lemma finite_stars_of_weight: "finite (stars_of_weight n A ws)"
proof (rule finite_subset)
  show "stars_of_weight n A ws \<subseteq> Pow {0..<n} \<times> Pow {0..<n}"
    unfolding stars_of_weight_def is_star_def by auto
qed simp

lemma stars_of_weight_eq_if_common_vertex:
  assumes "(V1, V2) \<in> stars_of_weight n A ws" "(W1, W2) \<in> stars_of_weight n A ws"
    and "i \<in> V1" "i \<in> W1"
  shows "(V1, V2) = (W1, W2)"
  using stars_of_weight_is_star(3)[OF assms(1)] stars_of_weight_is_star(3)[OF assms(2)] assms(3,4)
  by auto

lemma stars_degree_pos:
  assumes "stars_of_weight n A ws \<noteq> {}"
  shows "stars_degree n A ws > 0"
proof -
  from assms obtain V1 V2 where star: "(V1, V2) \<in> stars_of_weight n A ws" by auto
  have "0 < card V1 - 1" using stars_of_weight_is_star(2)[OF star] by simp
  also have "\<dots> \<le> stars_degree n A ws"
    unfolding stars_degree_def
    using member_le_sum[OF star, of "\<lambda>(V1, V2). card V1 - 1"] finite_stars_of_weight by simp
  finally show ?thesis .
qed

lemma star_vertex_adjacency_outside_zero:
  assumes wg: "weighted_graph n A" and star: "(V1, V2) \<in> stars_of_weight n A ws"
    and "i \<in> V1" "j \<notin> V2"
  shows "A i j = 0"
proof (cases "j < n")
  case True
  with assms(3,4) stars_of_weight_is_star(3)[OF star] have "\<not> A i j > 0"
    unfolding nbhd_def adj_def by auto
  moreover have "A i j \<ge> 0" using wg unfolding weighted_graph_def by blast
  ultimately show ?thesis by linarith
next
  case False
  with wg show ?thesis unfolding weighted_graph_def by auto
qed

lemma star_vertices_same_adjacency:
  assumes wg: "weighted_graph n A" and star: "(V1, V2) \<in> stars_of_weight n A ws"
    and i: "i \<in> V1" and i': "i' \<in> V1"
  shows "A i j = A i' j"
proof (cases "j \<in> V2")
  case True
  with star i i' show ?thesis unfolding stars_of_weight_def star_weight_defined_def by blast
next
  case False
  with star_vertex_adjacency_outside_zero[OF wg star] i i' show ?thesis by simp
qed

lemma star_vertex_strength:
  assumes wg: "weighted_graph n A" and star: "(V1, V2) \<in> stars_of_weight n A ws" and i: "i \<in> V1"
  shows "strength n A i = ws"
proof -
  have V2: "V2 \<subseteq> {0..<n}" using star unfolding stars_of_weight_def is_star_def by auto
  have "strength n A i = (\<Sum>j\<in>V2. A i j)"
    unfolding strength_def lessThan_atLeast0
    using V2 star_vertex_adjacency_outside_zero[OF wg star i] by (intro sum.mono_neutral_right) auto
  also have "\<dots> = (\<Sum>j\<in>V2. A (SOME i. i \<in> V1) j)"
    using star_vertices_same_adjacency[OF wg star i someI[of "\<lambda>x. x \<in> V1", OF i]] by simp
  also have "\<dots> = ws" using star unfolding stars_of_weight_def star_weight_def by auto
  finally show ?thesis .
qed

lemma signless_laplacian_carrier: "signless_laplacian n A \<in> carrier_mat n n"
  unfolding signless_laplacian_def by simp

lemma signless_laplacian_shifted_star_row:
  assumes wg: "weighted_graph n A" and star: "(V1, V2) \<in> stars_of_weight n A ws"
    and i: "i \<in> V1" and j: "j < n"
  shows "signless_laplacian n A $$ (i,j) - (if i = j then ws else 0) = A i j"
  using stars_of_weight_is_star(1)[OF star] i j star_vertex_strength[OF wg star i]
  unfolding signless_laplacian_def by auto

text \<open>The rows to be reduced: all vertices of the stars in \<open>S\<^sub>w\<^sub>*\<close> except the least vertex of each
  star, each paired with that least vertex.\<close>

lemma stars_of_weight_reducible_rows:
  obtains S r where "card S = stars_degree n A ws" "S \<subseteq> {0..<n}"
    and "\<And>i. i \<in> S \<Longrightarrow> r i < i \<and> (\<exists>V1 V2. (V1, V2) \<in> stars_of_weight n A ws \<and> i \<in> V1 \<and> r i \<in> V1)"
proof
  let ?Sw = "stars_of_weight n A ws"
  define f where "f = (\<lambda>(V1 :: nat set, V2 :: nat set). V1 - {Min V1})"
  define r where "r i = Min {i'. i' < n \<and> nbhd n A i' = nbhd n A i}" for i
  have finite_V1: "finite V1" if "(V1, V2) \<in> ?Sw" for V1 V2
    using stars_of_weight_is_star(1)[OF that] finite_subset by blast
  have card_f: "card (f x) = (case x of (V1, V2) \<Rightarrow> card V1 - 1)" if "x \<in> ?Sw" for x
  proof -
    obtain V1 V2 where x: "x = (V1, V2)" by fastforce
    have "V1 \<noteq> {}" using stars_of_weight_is_star(2) that x by fastforce
    then show ?thesis unfolding x f_def using finite_V1 that x by simp
  qed
  show "card (\<Union>(f ` ?Sw)) = stars_degree n A ws"
  proof -
    have "card (\<Union>(f ` ?Sw)) = (\<Sum>x\<in>?Sw. card (f x))"
    proof (rule card_UN_disjoint[OF finite_stars_of_weight])
      show "\<forall>x\<in>?Sw. finite (f x)" using finite_V1 unfolding f_def by auto
      show "\<forall>x\<in>?Sw. \<forall>y\<in>?Sw. x \<noteq> y \<longrightarrow> f x \<inter> f y = {}"
        unfolding f_def using stars_of_weight_eq_if_common_vertex by fastforce
    qed
    also have "\<dots> = stars_degree n A ws"
      unfolding stars_degree_def using card_f by (auto intro: sum.cong)
    finally show ?thesis .
  qed
  show "\<Union>(f ` ?Sw) \<subseteq> {0..<n}"
    unfolding f_def using stars_of_weight_is_star(1) by fastforce
  fix i assume "i \<in> \<Union>(f ` ?Sw)"
  then obtain V1 V2 where star: "(V1, V2) \<in> ?Sw" and i: "i \<in> V1" "i \<noteq> Min V1"
    unfolding f_def by auto
  note twins = stars_of_weight_is_star(3)[OF star]
  with i have "r i = Min V1" unfolding r_def by auto
  with i finite_V1[OF star] have "r i \<in> V1" "r i < i"
    by (auto intro: Min_in, metis Min_le le_neq_implies_less)
  with star i show "r i < i \<and> (\<exists>V1 V2. (V1, V2) \<in> ?Sw \<and> i \<in> V1 \<and> r i \<in> V1)" by blast
qed

theorem corollary1:
  fixes n :: nat and A :: "nat \<Rightarrow> nat \<Rightarrow> real" and ws :: real
  assumes "weighted_graph n A"
    and "connected_graph n A"
    and "ws > 0"
    and "stars_of_weight n A ws \<noteq> {}"
  shows "eigenvalue (signless_laplacian n A) ws \<and>
         order ws (char_poly (signless_laplacian n A)) \<ge> stars_degree n A ws"
proof -
  obtain S r where card_S: "card S = stars_degree n A ws" and S: "S \<subseteq> {0..<n}"
    and reducible: "\<And>i. i \<in> S \<Longrightarrow>
       r i < i \<and> (\<exists>V1 V2. (V1, V2) \<in> stars_of_weight n A ws \<and> i \<in> V1 \<and> r i \<in> V1)"
    using stars_of_weight_reducible_rows[of n A ws] by blast
  have "[:-ws,1:] ^ card S dvd char_poly (signless_laplacian n A)"
  proof (rule char_poly_power_dvd_if_shifted_rows_repeat[OF signless_laplacian_carrier S])
    fix i j assume i: "i \<in> S" and j: "j < n"
    then obtain V1 V2 where star: "(V1, V2) \<in> stars_of_weight n A ws" "i \<in> V1" "r i \<in> V1"
      using reducible by blast
    then show "signless_laplacian n A $$ (i,j) - (if i = j then ws else 0) =
        signless_laplacian n A $$ (r i, j) - (if r i = j then ws else 0)"
      using signless_laplacian_shifted_star_row[OF assms(1) star(1) _ j]
        star_vertices_same_adjacency[OF assms(1) star] by simp
  qed (use reducible in blast)
  then show ?thesis
    using eigenvalue_order_if_char_poly_power_dvd[OF signless_laplacian_carrier]
      stars_degree_pos[OF assms(4)] card_S by auto
qed

end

============

## TASK TO COMPLETE
If a line of the data contains "proof", copy it out.

## ANSWER SECTION
proof (rule finite_subset)
proof -
proof (cases "j < n")
proof (cases "j \<in> V2")
proof -
proof
  proof -
  proof -
    proof (rule card_UN_disjoint[OF finite_stars_of_weight])
proof -
  proof (rule char_poly_power_dvd_if_shifted_rows_repeat[OF signless_laplacian_carrier S])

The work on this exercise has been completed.